Using the electronic medical record system of the Affiliated Hospital of Yanbian University, China, we collected information related to age, sex, ethnicity, and clinical indicators. Data based on imaging examinations of the patients with HCC and cirrhosis were also obtained.
Determination of serum AFP, sAXL, and DCP levels
Serum AFP levels were determined using a chemiluminescent immunoassay analyzer (UniCel DxI 800, Beckman Coulter, Brea, CA, USA) at the Department of Laboratory Medicine, Affiliated Hospital of Yanbian University, Yanji, China. Enzyme-linked immunosorbent assay (ELISA) kits (human AXL DuoSet ELISA, R&D Systems, Minneapolis, MN, USA; human abnormal prothrombin ELISA, Hotgen, Beijing, China) were used to detect sAXL and DCP levels.
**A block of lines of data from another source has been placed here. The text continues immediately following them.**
text \<open>Write \<open>\<delta> u = d(u, V)\<close>. Processing the centres of \<open>U\<close> by increasing \<open>\<delta>\<close>, greedily
  extract a set \<open>S \<subseteq> U\<close> whose members are pairwise farther apart than
  \<open>2(\<gamma>+1) max(\<delta> s, \<delta> t)\<close> while every \<open>u \<in> U\<close> lies within \<open>2(\<gamma>+1) \<delta> u\<close> of \<open>S\<close>.
  Since \<open>\<delta> u \<le> d(p,U) + d(p,V)\<close> for the centre \<open>u\<close> of \<open>U\<close> nearest to \<open>p\<close>, serving \<open>p\<close>
  through \<open>u\<close> by \<open>S\<close> costs at most \<open>(2\<gamma>+3)(d(p,U) + d(p,V))\<close>.

  For the size of \<open>S\<close>, pair each \<open>s \<in> S\<close> with its nearest neighbour in \<open>V\<close>. Either the
  pair is well separated, or some other centre of \<open>U\<close> lies within \<open>\<gamma> \<delta> s\<close> of \<open>s\<close>, or
  some other centre of \<open>V\<close> lies within \<open>\<gamma> \<delta> s\<close> of the neighbour. Any two members of \<open>S\<close>
  that come within \<open>(\<gamma>+1)(\<delta> s + \<delta> t)\<close> of a common point coincide, so these witnesses
  are charged injectively to \<open>U - S\<close> and to the centres of \<open>V\<close> that are not nearest
  neighbours of \<open>S\<close>. Hence \<open>|S| \<le> (k - m) + (k - |S|) + (k + r - |S|)\<close>, that is
  \<open>|S| \<le> k - (m - r)/3\<close>.\<close>

lemma exists_weighted_net:
  fixes T :: "'a::metric_space set" and f :: "'a \<Rightarrow> real"
  assumes "finite T" and "K \<ge> 0" and "\<And>t. t \<in> T \<Longrightarrow> f t \<ge> 0"
  shows "\<exists>S\<subseteq>T. pairwise (\<lambda>s t. K * max (f s) (f t) < dist s t) S \<and>
           (\<forall>t\<in>T. \<exists>s\<in>S. dist t s \<le> K * f t)"
  using assms(1,3)
proof (induction T rule: finite_ranking_induct[where f = f])
  case empty
  then show ?case by simp
next
  case (insert x T)
  then obtain S where S: "S \<subseteq> T" "pairwise (\<lambda>s t. K * max (f s) (f t) < dist s t) S"
    and cover: "\<forall>t\<in>T. \<exists>s\<in>S. dist t s \<le> K * f t"
    by auto
  show ?case
  proof (cases "\<exists>s\<in>S. dist x s \<le> K * f x")
    case True
    with S cover show ?thesis by blast
  next
    case False
    \<comment> \<open>\<open>x\<close> carries the largest weight so far, so the new distances only need to beat \<open>K * f x\<close>.\<close>
    have "max (f s) (f x) = f x" if "s \<in> S" for s
      using that S(1) insert.hyps(2) by (auto simp: max_def)
    then have "pairwise (\<lambda>s t. K * max (f s) (f t) < dist s t) (insert x S)"
      using S(2) False by (auto simp: pairwise_insert max.commute dist_commute not_le)
    moreover have "\<forall>t\<in>insert x T. \<exists>s\<in>insert x S. dist t s \<le> K * f t"
      using cover \<open>K \<ge> 0\<close> insert.prems by auto
    ultimately show ?thesis using S(1) by blast
  qed
qed

lemma separated_eq_if_near_common_point:
  fixes S :: "'a::metric_space set" and f :: "'a \<Rightarrow> real"
  assumes sep: "pairwise (\<lambda>s t. K * max (f s) (f t) < dist s t) S"
    and "s \<in> S" "t \<in> S" "f s \<ge> 0" "f t \<ge> 0" "c \<ge> 0" "2 * c \<le> K"
    and near: "dist s x \<le> c * f s" "dist t x \<le> c * f t"
  shows "s = t"
proof (rule ccontr)
  assume "s \<noteq> t"
  have "c * f s \<le> c * max (f s) (f t)" "c * f t \<le> c * max (f s) (f t)"
    using \<open>c \<ge> 0\<close> by (simp_all add: mult_left_mono)
  moreover have "2 * c * max (f s) (f t) \<le> K * max (f s) (f t)"
    using assms(4,7) by (intro mult_right_mono) auto
  moreover have "dist s t \<le> dist s x + dist t x"
    by (rule dist_triangle2)
  moreover have "K * max (f s) (f t) < dist s t"
    using pairwiseD(1)[OF sep \<open>s \<in> S\<close> \<open>t \<in> S\<close> \<open>s \<noteq> t\<close>] .
  ultimately show False using near by linarith
qed

lemma dist_set_le:
  assumes "finite W" "q \<in> W"
  shows "dist_set p W \<le> dist p q"
  unfolding dist_set_def using assms by (intro Min_le) auto

lemma dist_set_attained:
  assumes "finite W" "W \<noteq> {}"
  obtains q where "q \<in> W" "dist_set p W = dist p q"
proof -
  have "Min (dist p ` W) \<in> dist p ` W"
    using assms by (intro Min_in) auto
  then show thesis
    using that unfolding dist_set_def by auto
qed

lemma dist_set_nonneg:
  assumes "finite W" "W \<noteq> {}"
  shows "dist_set p W \<ge> 0"
proof -
  obtain q where "dist_set p W = dist p q"
    using dist_set_attained[OF assms] .
  then show ?thesis by simp
qed

lemma cost_nonneg:
  assumes "finite W" "W \<noteq> {}"
  shows "cost W P \<ge> 0"
  unfolding cost_def using dist_set_nonneg[OF assms] by (simp add: sum_nonneg)

definition nearest :: "'a::metric_space set \<Rightarrow> 'a \<Rightarrow> 'a" where
  "nearest W p = arg_min_on (dist p) W"

lemma nearest_in:
  assumes "finite W" "W \<noteq> {}"
  shows "nearest W p \<in> W"
  unfolding nearest_def using arg_min_if_finite(1)[OF assms] .

lemma dist_set_eq_dist_nearest:
  assumes "finite W" "W \<noteq> {}"
  shows "dist_set p W = dist p (nearest W p)"
proof (rule antisym)
  show "dist_set p W \<le> dist p (nearest W p)"
    using dist_set_le[OF assms(1) nearest_in[OF assms]] .
  obtain q where "q \<in> W" "dist_set p W = dist p q"
    using dist_set_attained[OF assms] .
  then show "dist p (nearest W p) \<le> dist_set p W"
    unfolding nearest_def using arg_min_least[OF assms] by simp
qed

lemma cost_le_if_cover:
  fixes S U V P :: "'a::metric_space set"
  assumes "finite U" "U \<noteq> {}" "finite V" "V \<noteq> {}" "finite S" "K \<ge> 0"
    and cover: "\<forall>u\<in>U. \<exists>s\<in>S. dist u s \<le> K * dist_set u V"
  shows "cost S P \<le> (K + 1) * (cost U P + cost V P)"
proof -
  have "dist_set p S \<le> (K + 1) * (dist_set p U + dist_set p V)" for p
  proof -
    obtain u where u: "u \<in> U" "dist_set p U = dist p u"
      using dist_set_attained[OF assms(1,2)] .
    obtain s where s: "s \<in> S" "dist u s \<le> K * dist_set u V"
      using cover u(1) by blast
    have "dist_set u V \<le> dist u (nearest V p)"
      using dist_set_le[OF assms(3) nearest_in[OF assms(3,4)]] .
    also have "\<dots> \<le> dist_set p U + dist_set p V"
      using dist_triangle3[of u "nearest V p" p] u(2) dist_set_eq_dist_nearest[OF assms(3,4)]
      by (simp add: dist_commute)
    finally have "K * dist_set u V \<le> K * (dist_set p U + dist_set p V)"
      using \<open>K \<ge> 0\<close> by (rule mult_left_mono)
    moreover have "dist_set p S \<le> dist p u + dist u s"
      using dist_set_le[OF assms(5) s(1), of p] dist_triangle[of p s u] by linarith
    moreover have "dist_set p V \<ge> 0"
      using dist_set_nonneg[OF assms(3,4)] .
    ultimately show ?thesis
      using u(2) s(2) \<open>K \<ge> 0\<close> by (simp add: algebra_simps)
  qed
  then have "cost S P \<le> (\<Sum>p\<in>P. (K + 1) * (dist_set p U + dist_set p V))"
    unfolding cost_def by (rule sum_mono)
  also have "\<dots> = (K + 1) * (cost U P + cost V P)"
    unfolding cost_def by (simp only: sum.distrib[symmetric] sum_distrib_left)
  finally show ?thesis .
qed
Calculation of APRI and GPR indices
APRI was calculated as APRI = 100 × [AST (IU/L)/AST upper limit of normal (ULN)]/[platelet count (PLT) (109/L)]. GPR was calculated as GPR = 100 × GGT (IU/L)/PLT (109/L)].
Statistical analysis
SPSS software version 26.0 (IBM Corp., Armonk, NY, USA) was used for the statistical analysis, and p<0.05 was considered statistically significant. For multiple comparisons, the Kruskal-Wallis test, which is a nonparametric test, was used, but for bilateral between-group variability analysis, the Mann–Whitney test, which is also a nonparametric test, was performed. Bivariate correlation analysis was used to explore the correlation between the various biomarkers, and binary logistic regression analysis was used to assess the variance of various biomarker combinations. To evaluate the diagnostic value of each biomarker, receiver operating characteristic (ROC) curves were used. The net reclassification improvement (NRI) value was determined using an “extreme smart analysis platform” for analysis and processing.
Results
Clinical characteristics of patients with HCC, LC, VH, and HC
In this study, we enrolled 475 participants. The baseline clinical characteristics are in Table 1 which shows there were no significant differences between the different groups in age and HBV and HCV infections (p>0.05). The numbers of men in the HCC, LC, VH, and HC groups were 120 (63.2%), 65 (50.8%), 37 (49.3%), and 29 (35.4%), respectively.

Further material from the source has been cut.